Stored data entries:
[Start of section]

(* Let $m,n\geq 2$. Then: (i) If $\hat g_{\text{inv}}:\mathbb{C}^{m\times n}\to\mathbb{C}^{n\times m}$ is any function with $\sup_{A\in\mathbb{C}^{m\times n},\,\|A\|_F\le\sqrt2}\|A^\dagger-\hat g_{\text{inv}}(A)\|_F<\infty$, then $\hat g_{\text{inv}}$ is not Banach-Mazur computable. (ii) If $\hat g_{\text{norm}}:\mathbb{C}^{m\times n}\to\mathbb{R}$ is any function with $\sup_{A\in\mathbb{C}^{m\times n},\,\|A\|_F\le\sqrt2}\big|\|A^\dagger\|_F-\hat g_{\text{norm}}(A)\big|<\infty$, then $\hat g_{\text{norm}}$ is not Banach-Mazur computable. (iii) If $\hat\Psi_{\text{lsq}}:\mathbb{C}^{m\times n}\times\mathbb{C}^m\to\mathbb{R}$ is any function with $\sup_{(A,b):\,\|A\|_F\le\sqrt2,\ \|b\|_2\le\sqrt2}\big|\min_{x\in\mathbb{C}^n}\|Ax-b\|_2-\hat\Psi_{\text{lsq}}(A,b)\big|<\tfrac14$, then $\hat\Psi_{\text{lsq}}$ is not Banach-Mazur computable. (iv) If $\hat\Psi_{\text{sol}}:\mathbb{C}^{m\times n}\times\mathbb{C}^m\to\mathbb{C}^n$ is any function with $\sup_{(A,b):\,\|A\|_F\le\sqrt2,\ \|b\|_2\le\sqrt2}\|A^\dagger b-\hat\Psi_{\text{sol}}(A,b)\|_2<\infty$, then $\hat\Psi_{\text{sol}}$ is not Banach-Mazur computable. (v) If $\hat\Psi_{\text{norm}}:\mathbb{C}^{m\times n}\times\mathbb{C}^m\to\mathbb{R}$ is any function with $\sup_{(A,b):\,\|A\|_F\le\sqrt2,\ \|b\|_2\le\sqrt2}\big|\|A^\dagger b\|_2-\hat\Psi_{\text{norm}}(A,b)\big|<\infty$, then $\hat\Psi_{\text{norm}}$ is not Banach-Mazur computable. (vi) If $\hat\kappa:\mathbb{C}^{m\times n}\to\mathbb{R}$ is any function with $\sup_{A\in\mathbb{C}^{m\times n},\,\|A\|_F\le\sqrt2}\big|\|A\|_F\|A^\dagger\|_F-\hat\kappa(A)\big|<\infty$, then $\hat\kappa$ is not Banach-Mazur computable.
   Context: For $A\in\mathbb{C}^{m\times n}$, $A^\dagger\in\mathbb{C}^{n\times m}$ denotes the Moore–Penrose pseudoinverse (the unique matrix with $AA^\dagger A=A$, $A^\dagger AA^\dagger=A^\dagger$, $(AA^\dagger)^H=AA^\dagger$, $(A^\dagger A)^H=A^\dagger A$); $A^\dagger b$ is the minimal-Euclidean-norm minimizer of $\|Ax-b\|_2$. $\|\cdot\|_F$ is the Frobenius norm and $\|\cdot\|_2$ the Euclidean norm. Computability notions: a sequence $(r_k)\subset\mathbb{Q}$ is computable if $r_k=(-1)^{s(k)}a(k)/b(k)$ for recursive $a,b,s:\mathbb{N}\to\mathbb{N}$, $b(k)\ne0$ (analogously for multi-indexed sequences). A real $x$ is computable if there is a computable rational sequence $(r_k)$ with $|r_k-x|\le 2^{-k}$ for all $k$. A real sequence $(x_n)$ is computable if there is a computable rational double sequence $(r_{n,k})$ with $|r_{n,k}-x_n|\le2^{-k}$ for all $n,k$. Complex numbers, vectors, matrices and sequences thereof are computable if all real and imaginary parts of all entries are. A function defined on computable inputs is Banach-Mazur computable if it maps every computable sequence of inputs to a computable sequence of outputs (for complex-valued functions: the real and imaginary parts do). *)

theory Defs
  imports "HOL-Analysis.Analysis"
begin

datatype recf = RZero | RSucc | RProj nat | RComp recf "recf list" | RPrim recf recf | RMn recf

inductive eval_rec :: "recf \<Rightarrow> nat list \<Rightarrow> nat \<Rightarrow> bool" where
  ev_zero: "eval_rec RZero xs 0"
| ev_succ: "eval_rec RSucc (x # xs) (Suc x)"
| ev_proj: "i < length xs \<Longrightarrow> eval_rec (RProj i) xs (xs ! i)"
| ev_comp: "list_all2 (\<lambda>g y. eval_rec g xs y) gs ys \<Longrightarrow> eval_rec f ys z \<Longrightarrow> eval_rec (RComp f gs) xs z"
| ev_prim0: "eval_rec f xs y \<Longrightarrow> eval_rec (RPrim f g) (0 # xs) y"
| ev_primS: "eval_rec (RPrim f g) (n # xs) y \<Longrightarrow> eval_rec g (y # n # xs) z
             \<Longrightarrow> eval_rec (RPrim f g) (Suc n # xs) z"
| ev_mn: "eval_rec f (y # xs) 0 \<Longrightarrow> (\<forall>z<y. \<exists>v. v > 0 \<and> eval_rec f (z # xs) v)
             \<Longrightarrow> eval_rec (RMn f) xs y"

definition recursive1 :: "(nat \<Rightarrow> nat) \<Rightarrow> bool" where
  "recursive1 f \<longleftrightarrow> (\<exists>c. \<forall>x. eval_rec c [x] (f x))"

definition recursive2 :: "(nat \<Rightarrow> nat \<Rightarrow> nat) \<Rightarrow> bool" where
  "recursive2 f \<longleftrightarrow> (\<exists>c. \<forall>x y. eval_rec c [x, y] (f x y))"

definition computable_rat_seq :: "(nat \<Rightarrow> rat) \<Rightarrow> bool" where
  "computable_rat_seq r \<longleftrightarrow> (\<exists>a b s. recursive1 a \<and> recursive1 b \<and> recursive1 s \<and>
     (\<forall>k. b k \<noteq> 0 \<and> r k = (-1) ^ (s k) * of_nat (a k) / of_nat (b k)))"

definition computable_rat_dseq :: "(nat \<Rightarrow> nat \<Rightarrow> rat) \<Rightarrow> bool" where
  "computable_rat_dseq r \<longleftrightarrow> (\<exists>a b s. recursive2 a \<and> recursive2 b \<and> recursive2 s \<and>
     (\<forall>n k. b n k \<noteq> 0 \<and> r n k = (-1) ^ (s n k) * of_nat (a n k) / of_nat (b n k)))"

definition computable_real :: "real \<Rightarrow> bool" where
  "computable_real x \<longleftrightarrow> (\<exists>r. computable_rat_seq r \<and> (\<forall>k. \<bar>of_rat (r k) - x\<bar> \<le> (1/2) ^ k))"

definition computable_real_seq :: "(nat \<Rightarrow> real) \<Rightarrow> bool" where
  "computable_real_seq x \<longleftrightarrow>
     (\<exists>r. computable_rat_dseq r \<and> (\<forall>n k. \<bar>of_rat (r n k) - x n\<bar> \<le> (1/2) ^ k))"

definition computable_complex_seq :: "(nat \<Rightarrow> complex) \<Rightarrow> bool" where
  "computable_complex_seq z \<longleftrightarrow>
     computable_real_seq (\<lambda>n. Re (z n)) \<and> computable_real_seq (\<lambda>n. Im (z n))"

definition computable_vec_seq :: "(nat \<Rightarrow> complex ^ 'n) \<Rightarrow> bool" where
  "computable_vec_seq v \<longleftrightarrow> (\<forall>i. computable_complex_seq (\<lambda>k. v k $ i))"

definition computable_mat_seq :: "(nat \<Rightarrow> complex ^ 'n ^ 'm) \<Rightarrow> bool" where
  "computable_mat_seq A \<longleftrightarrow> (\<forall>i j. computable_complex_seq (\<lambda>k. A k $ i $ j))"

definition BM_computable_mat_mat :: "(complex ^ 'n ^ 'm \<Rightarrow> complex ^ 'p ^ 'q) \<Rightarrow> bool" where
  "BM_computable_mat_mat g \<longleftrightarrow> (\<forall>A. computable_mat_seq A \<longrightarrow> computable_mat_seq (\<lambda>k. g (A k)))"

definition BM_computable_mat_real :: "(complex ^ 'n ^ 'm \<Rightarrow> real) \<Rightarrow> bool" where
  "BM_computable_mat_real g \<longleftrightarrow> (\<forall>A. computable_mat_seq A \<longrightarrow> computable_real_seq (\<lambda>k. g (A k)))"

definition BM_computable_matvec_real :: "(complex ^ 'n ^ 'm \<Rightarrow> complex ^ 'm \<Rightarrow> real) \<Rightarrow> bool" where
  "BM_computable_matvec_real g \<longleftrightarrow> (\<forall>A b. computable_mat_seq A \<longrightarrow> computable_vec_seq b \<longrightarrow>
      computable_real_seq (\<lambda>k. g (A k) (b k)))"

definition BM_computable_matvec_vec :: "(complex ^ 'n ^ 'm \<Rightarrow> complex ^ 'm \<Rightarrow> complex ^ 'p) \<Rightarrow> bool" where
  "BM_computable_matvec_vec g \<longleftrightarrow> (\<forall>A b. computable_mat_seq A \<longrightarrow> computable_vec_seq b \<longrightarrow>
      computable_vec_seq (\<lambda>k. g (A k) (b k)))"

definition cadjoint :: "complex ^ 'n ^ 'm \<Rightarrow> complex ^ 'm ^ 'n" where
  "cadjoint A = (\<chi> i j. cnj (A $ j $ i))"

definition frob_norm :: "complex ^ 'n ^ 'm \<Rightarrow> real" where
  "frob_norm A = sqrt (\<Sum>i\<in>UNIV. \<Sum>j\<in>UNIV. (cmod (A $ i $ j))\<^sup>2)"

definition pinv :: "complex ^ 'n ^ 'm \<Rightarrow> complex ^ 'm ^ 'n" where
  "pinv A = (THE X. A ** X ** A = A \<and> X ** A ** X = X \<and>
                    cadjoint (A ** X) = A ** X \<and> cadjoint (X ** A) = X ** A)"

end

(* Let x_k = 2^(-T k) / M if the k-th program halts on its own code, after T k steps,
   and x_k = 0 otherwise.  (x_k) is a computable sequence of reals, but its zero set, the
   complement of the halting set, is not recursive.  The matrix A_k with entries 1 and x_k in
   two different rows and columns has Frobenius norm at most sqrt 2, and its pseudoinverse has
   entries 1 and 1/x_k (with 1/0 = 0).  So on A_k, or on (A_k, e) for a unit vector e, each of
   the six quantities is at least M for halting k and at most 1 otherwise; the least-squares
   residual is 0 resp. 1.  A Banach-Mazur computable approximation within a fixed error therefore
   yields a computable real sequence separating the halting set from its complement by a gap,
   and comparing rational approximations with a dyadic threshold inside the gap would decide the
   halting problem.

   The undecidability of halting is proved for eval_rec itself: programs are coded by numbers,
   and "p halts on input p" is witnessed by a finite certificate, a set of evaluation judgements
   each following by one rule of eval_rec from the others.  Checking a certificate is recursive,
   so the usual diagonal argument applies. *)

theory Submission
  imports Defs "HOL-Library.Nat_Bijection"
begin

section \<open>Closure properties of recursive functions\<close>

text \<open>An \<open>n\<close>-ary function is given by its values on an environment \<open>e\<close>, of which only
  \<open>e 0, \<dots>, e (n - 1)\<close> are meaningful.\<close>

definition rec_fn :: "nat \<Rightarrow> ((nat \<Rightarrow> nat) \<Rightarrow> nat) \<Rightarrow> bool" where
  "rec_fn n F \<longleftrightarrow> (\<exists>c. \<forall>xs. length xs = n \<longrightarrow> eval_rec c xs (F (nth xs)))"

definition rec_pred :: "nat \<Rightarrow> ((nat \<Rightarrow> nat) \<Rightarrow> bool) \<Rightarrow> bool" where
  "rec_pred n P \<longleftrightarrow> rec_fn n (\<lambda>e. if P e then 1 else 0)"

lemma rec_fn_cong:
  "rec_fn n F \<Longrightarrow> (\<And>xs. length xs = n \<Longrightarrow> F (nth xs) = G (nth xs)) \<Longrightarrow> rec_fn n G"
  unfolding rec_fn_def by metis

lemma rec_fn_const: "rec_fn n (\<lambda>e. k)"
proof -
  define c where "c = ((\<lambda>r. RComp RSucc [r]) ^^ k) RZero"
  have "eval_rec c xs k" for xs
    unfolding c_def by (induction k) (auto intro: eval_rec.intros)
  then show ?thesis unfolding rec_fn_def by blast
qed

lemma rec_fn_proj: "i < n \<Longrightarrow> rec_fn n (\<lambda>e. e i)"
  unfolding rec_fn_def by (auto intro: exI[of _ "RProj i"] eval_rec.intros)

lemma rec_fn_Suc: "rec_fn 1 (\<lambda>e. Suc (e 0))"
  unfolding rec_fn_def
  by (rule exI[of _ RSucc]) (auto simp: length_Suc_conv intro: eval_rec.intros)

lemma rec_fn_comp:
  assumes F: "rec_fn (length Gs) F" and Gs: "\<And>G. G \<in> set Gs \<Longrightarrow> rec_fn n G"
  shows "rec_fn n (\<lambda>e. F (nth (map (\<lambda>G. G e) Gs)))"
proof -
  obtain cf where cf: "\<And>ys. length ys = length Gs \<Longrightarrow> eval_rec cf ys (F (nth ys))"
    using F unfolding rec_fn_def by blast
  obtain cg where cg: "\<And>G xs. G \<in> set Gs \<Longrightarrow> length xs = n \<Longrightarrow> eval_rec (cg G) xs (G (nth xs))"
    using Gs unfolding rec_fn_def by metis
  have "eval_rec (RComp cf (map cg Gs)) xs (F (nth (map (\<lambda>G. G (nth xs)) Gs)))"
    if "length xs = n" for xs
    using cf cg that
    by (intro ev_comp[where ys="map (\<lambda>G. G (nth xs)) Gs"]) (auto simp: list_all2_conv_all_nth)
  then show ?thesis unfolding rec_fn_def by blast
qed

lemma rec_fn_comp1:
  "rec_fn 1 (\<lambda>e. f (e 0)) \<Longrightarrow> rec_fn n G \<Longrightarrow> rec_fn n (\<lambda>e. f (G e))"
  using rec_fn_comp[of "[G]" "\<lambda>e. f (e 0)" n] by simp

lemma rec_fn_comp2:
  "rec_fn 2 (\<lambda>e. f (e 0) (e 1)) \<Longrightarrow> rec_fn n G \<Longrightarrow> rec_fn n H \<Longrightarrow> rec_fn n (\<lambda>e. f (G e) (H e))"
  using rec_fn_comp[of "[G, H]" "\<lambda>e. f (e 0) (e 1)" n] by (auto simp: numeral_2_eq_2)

[End of section]
[Start of section]

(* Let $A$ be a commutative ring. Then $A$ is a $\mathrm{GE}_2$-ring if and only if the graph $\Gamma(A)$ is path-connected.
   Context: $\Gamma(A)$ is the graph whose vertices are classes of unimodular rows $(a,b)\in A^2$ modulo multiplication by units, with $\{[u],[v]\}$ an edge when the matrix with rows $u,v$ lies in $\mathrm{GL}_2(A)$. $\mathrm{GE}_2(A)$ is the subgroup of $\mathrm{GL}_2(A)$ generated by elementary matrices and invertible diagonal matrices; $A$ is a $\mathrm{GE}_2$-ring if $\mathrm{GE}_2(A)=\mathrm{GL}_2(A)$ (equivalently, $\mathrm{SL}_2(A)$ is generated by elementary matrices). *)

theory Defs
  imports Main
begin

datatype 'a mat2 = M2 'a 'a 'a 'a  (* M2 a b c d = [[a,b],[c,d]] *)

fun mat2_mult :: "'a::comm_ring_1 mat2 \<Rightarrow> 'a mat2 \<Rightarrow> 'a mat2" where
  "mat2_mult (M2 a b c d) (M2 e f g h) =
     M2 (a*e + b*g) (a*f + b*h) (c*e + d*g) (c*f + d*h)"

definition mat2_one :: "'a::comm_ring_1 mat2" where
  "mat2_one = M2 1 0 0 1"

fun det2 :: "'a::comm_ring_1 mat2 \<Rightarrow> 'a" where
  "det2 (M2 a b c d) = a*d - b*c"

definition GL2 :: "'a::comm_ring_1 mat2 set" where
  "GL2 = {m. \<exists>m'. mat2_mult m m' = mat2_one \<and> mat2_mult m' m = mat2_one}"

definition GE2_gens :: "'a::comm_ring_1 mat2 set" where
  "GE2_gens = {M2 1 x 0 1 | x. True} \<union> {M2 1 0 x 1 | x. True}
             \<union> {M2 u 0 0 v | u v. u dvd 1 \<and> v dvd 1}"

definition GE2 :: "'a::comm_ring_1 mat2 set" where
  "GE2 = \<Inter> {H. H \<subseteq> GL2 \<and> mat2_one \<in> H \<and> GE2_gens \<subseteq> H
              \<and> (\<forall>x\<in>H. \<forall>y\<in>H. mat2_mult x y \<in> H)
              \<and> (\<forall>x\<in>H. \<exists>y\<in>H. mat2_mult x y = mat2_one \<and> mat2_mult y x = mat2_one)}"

[End of section]

[TASK STATEMENT]: Your answer must consist solely of the lines above between the line holding "obtain cf where" and the line holding "using cf cg that", inclusive, copied exactly.

[REPLY TO THE TASK]:
  obtain cf where cf: "\<And>ys. length ys = length Gs \<Longrightarrow> eval_rec cf ys (F (nth ys))"
    using F unfolding rec_fn_def by blast
  obtain cg where cg: "\<And>G xs. G \<in> set Gs \<Longrightarrow> length xs = n \<Longrightarrow> eval_rec (cg G) xs (G (nth xs))"
    using Gs unfolding rec_fn_def by metis
  have "eval_rec (RComp cf (map cg Gs)) xs (F (nth (map (\<lambda>G. G (nth xs)) Gs)))"
    if "length xs = n" for xs
    using cf cg that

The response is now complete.